The pictures of Chinese-made sweaters, bras and trousers piled up in boxes in European ports have been a powerful symbol of the "flood" of foreign garments entering the EU.
But the threat to European textile producers -- and especially to European jobs -- is exaggerated, experts say. In fact, those most hurt by Chinese exports are companies -- often European-owned -- producing the same kinds of clothing in North Africa, Turkey and other low-cost countries.
Although imports from China have surged, those from elsewhere have receded, according to data supplied by the EU. Overall clothing imports to the union actually shrank 9.7 percent in the first five months of the year, compared with the period last year.
A top official at the French Trade Ministry -- one of the most vocal advocates of strong European action to block the Chinese imports last spring -- said on Monday that one of the main motivations was to protect European-owned textile producers in countries such as Morocco, Tunisia and Turkey, that had been muscled out by cheaper Chinese imports.
"This is a very important concern for France," said the official, who wanted his name withheld because he was not authorized to speak publicly.
This is not only to protect French businesses in these countries, but to maintain political stability in those countries, he said.

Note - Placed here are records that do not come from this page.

lemma closed_csubspace_closure:
  fixes S :: "'a::complex_normed_vector set"
  assumes S: "csubspace S"
  shows "closed_csubspace (closure S)"
proof -
  have invariant: "f x \<in> closure S" if f: "continuous_on UNIV f"
    and fS: "\<And>y. y \<in> S \<Longrightarrow> f y \<in> closure S" and x: "x \<in> closure S" for f x
  proof -
    have "f ` closure S \<subseteq> closure S"
      by (rule image_closure_subset[OF continuous_on_subset[OF f subset_UNIV] closed_closure])
        (use fS in blast)
    then show ?thesis using x by blast
  qed
  have add_S: "x + y \<in> closure S" if x: "x \<in> closure S" and y: "y \<in> S" for x y
  proof (rule invariant[of "\<lambda>x. x + y", OF _ _ x])
    show "continuous_on UNIV (\<lambda>x. x + y)"
      by (rule continuous_on_add[OF continuous_on_id continuous_on_const])
    show "z + y \<in> closure S" if "z \<in> S" for z
      using closure_subset csubspace_add[OF S that y] by blast
  qed
  have add: "x + y \<in> closure S" if x: "x \<in> closure S" and y: "y \<in> closure S" for x y
  proof (rule invariant[of "\<lambda>y. x + y", OF _ _ y])
    show "continuous_on UNIV (\<lambda>y. x + y)"
      by (rule continuous_on_add[OF continuous_on_const continuous_on_id])
    show "x + z \<in> closure S" if "z \<in> S" for z
      using add_S[OF x that] .
  qed
  have scale: "c *\<^sub>C x \<in> closure S" if x: "x \<in> closure S" for c x
  proof (rule invariant[of "\<lambda>x. c *\<^sub>C x", OF _ _ x])
    show "continuous_on UNIV (\<lambda>x::'a. c *\<^sub>C x)"
      by (rule linear_continuous_on[OF bounded_linear_scaleC_right])
    show "c *\<^sub>C z \<in> closure S" if "z \<in> S" for z
      using closure_subset csubspace_scaleC[OF S that] by blast
  qed
  have "0 \<in> closure S"
    using closure_subset csubspace_0[OF S] by blast
  then show ?thesis
    unfolding closed_csubspace_def csubspace_def using add scale closed_closure by blast
qed

lemma csubspace_has_unit:
  assumes "csubspace M" "M \<noteq> {0}"
  shows "\<exists>x\<in>M. norm x = 1"
proof -
  obtain x where "x \<in> M" "x \<noteq> 0" using assms csubspace_0 by auto
  then show ?thesis using assms(1) by (intro bexI[of _ "(1 / norm x) *\<^sub>R x"]) (auto simp: csubspace_scaleR)
qed

section \<open>Orthogonal projection\<close>

lemma cinner_zero_if_norm_minimal:
  fixes v k :: "'a::complex_inner"
  assumes min: "\<And>t::complex. (norm v)^2 \<le> (norm (v - t *\<^sub>C k))^2"
  shows "cinner v k = 0"
proof (rule ccontr)
  assume nz: "cinner v k \<noteq> 0"
  define q where "q = (cmod (cinner v k))^2"
  define s where "s = 1 / ((norm k)^2 + 1)"
  define t where "t = complex_of_real s * cnj (cinner v k)"
  have q: "q > 0" using nz by (simp add: q_def)
  have pos: "(norm k)^2 + 1 > 0" by (simp add: add_nonneg_pos)
  then have s: "s > 0" and sk: "s * (norm k)^2 < 1" by (simp_all add: s_def field_simps)
  have "Re (cinner v (t *\<^sub>C k)) = s * q"
    by (simp add: cinner_scaleC_right t_def q_def cmod_power2 flip: power2_eq_square)
      (simp add: power2_eq_square algebra_simps)
  moreover have "(norm (t *\<^sub>C k))^2 = s^2 * q * (norm k)^2"
    using s by (simp add: t_def q_def norm_scaleC norm_mult power_mult_distrib)
  ultimately have "0 \<le> s^2 * q * (norm k)^2 - 2 * (s * q)"
    using min[of t] power2_norm_diff_cinner[of v "t *\<^sub>C k"] by simp
  also have "\<dots> = (s * q) * (s * (norm k)^2 - 2)"
    by (simp add: algebra_simps power2_eq_square)
  also have "\<dots> < 0" using s q sk by (intro mult_pos_neg) auto
  finally show False by simp
qed

text \<open>By the parallelogram law
  \<open>\<parallel>k m - k n\<parallel>\<^sup>2 = 2 \<parallel>x - k m\<parallel>\<^sup>2 + 2 \<parallel>x - k n\<parallel>\<^sup>2 - 4 \<parallel>x - (k m + k n) / 2\<parallel>\<^sup>2\<close>,
  and the last term is at least \<open>4 d\<close> since the midpoint lies in \<open>K\<close>.\<close>
lemma Cauchy_if_minimizing_sequence:
  fixes K :: "'a::complex_inner set"
  assumes K: "csubspace K" and kK: "\<And>n. k n \<in> K"
    and d: "\<And>y. y \<in> K \<Longrightarrow> d \<le> (norm (x - y))^2"
    and k: "\<And>n. (norm (x - k n))^2 < d + 1 / (real n + 1)"
  shows "Cauchy k"
proof (rule metric_CauchyI)
  fix e :: real assume e: "e > 0"
  obtain N :: nat where N: "4 / e^2 < real N" using reals_Archimedean2 by blast
  have "dist (k m) (k n) < e" if mn: "m \<ge> N" "n \<ge> N" for m n
  proof -
    define mid where "mid = (1/2::real) *\<^sub>R (k m + k n)"
    have "mid \<in> K" unfolding mid_def using kK K by (simp add: csubspace_scaleR csubspace_add)
    moreover have "(x - k m) + (x - k n) = 2 *\<^sub>R (x - mid)"
      by (simp add: mid_def algebra_simps scaleR_2)
    ultimately have mid: "4 * d \<le> (norm ((x - k m) + (x - k n)))^2"
      using d[of mid] by (simp add: power_mult_distrib)
    have "(norm (k n - k m))^2 = 2 * (norm (x - k m))^2 + 2 * (norm (x - k n))^2
        - (norm ((x - k m) + (x - k n)))^2"
      using parallelogram_law_cinner[of "x - k m" "x - k n"] by simp
    also have "\<dots> < 2 / (real m + 1) + 2 / (real n + 1)"
      using k[of m] k[of n] mid by simp
    also have "\<dots> \<le> 2 / (real N + 1) + 2 / (real N + 1)"
      using mn by (intro add_mono divide_left_mono) auto
    also have "\<dots> = 4 / (real N + 1)" by simp
    also have "\<dots> < e^2"
    proof -
      have "4 < real N * e^2" using N e by (simp add: divide_less_eq)
      moreover have "0 < e^2" using e by simp
      ultimately have "4 < real N * e^2 + e^2" by linarith
      then have "4 < (real N + 1) * e^2" by (simp add: distrib_right)
      then show ?thesis by (simp add: divide_less_eq algebra_simps)
    qed
    finally have "(norm (k n - k m))^2 < e^2" .
    then show ?thesis using e by (simp add: dist_norm norm_minus_commute power_less_imp_less_base)
  qed
  then show "\<exists>M. \<forall>m\<ge>M. \<forall>n\<ge>M. dist (k m) (k n) < e" by blast
qed

lemma exists_orthogonal_projection:
  fixes K :: "'a::chilbert_space set"
  assumes K: "closed_csubspace K"
  shows "\<exists>p\<in>K. \<forall>k\<in>K. cinner k (x - p) = 0"
proof -
  have Ks: "csubspace K" and Kc: "closed K" using K by (auto simp: closed_csubspace_def)
  define d where "d = Inf {(norm (x - k))^2 | k. k \<in> K}"
  have d: "d \<le> (norm (x - k))^2" if "k \<in> K" for k
    unfolding d_def by (rule cInf_lower) (use that in \<open>auto intro: bdd_belowI[of _ 0]\<close>)
  have "\<exists>k\<in>K. (norm (x - k))^2 < d + 1 / (real n + 1)" for n
  proof -
    have "{(norm (x - k))^2 | k. k \<in> K} \<noteq> {}" using csubspace_0[OF Ks] by blast
    from cInf_lessD[OF this] show ?thesis unfolding d_def by force
  qed
  then obtain k where kK: "\<And>n. k n \<in> K" and k: "\<And>n. (norm (x - k n))^2 < d + 1 / (real n + 1)"
    by metis
  have "Cauchy k" using Cauchy_if_minimizing_sequence[OF Ks kK d k] by blast
  then obtain p where p: "k \<longlonglongrightarrow> p" using Cauchy_convergent_iff convergent_def by blast
  have pK: "p \<in> K" using closed_sequentially[OF Kc] kK p by blast
  have "(norm (x - p))^2 \<le> d"
  proof (rule tendsto_le[OF sequentially_bot])
    show "(\<lambda>n. d + 1 / (real n + 1)) \<longlonglongrightarrow> d"
      using tendsto_add[OF tendsto_const LIMSEQ_inverse_real_of_nat_add[of 0]]
      by (simp add: inverse_eq_divide add.commute)
    show "(\<lambda>n. (norm (x - k n))^2) \<longlonglongrightarrow> (norm (x - p))^2"
      by (intro tendsto_intros p)
    show "\<forall>\<^sub>F n in sequentially. (norm (x - k n))^2 \<le> d + 1 / (real n + 1)"
      using k by (intro always_eventually allI less_imp_le)
  qed
  then have "cinner (x - p) k = 0" if "k \<in> K" for k
    using that pK Ks d[of "p + _ *\<^sub>C k"]
    by (intro cinner_zero_if_norm_minimal) (smt (verit) csubspace_add csubspace_scaleC diff_diff_eq)
  then show ?thesis using pK cinner_eq_zero_commute by blast
qed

With textiles often the largest employer in those places, "It will create social and political problems if thousands of people become unemployed in Tunisia or Morocco."
French textile manufacturers, by contrast, produce high-end clothing, not T-shirts and jeans, he said.
"This is not politically correct to say, but for the products that we import from China, it's been a long time that we haven't produced those things," he said.
Retailers and importers have warned of shortages in recent weeks as Chinese-made garments have been stuck at European ports. The importers have argued the quotas were imposed too quickly for them to adjust. Retailers apparently rushed to order clothing in anticipation of the quotas, and very quickly hit their ceilings, leaving the clothing stranded.
Peter Mandelson, the European trade commissioner, who negotiated the reimposition of quotas with China in June, said on Monday that he had begun procedures to release the 80 million garments stuck in European ports, without elaborating.
He did not say how future quotas would be affected. European negotiators left Beijing on Monday without an agreement after four days of talks, though the mission there will continue to negotiate.
He also chastised those in Europe who have compared the shortages of clothing facing retailers now with shortfalls during wartime.
"I do not think that the scare stories about clothing shortages comparable to those experienced in the last world war are remotely justified, and I hope such hyperbole can now be put aside," he said.
Laurent Ruessmann, an international trade lawyer at Sidley Austin Brown & Wood in Brussels, Belgium, said the European troubles in implementing quotas were giving pause to negotiators from the US, who are also trying to reach a deal to limit Chinese imports. Negotiations with the US are to begin this week.
Retailers and importers have warned Washington not to act hastily, Ruessmann said.
"They are saying, `Hey, be careful: Don't do the same stupid thing the EU did,"' Ruessmann said. "Make sure you have some sort of transition period."
Ruessmann said he was surprised that China agreed to the quotas that restricted growth in some of their textile exports to the EU to 8 percent to 12 percent. The Chinese clearly have the upper hand in the dispute, he said.
"They really do have the Europeans over a barrel," Ruessmann said. "They could send these Europeans packing and say, `Listen, you guys abused us with that agreement and now you're paying the consequences. So don't come crying to us, because we're not going to help you."'
Ruessmann's firm is representing a British retail group in the dispute with the European Commission over when and how the Chinese-made garments will be released.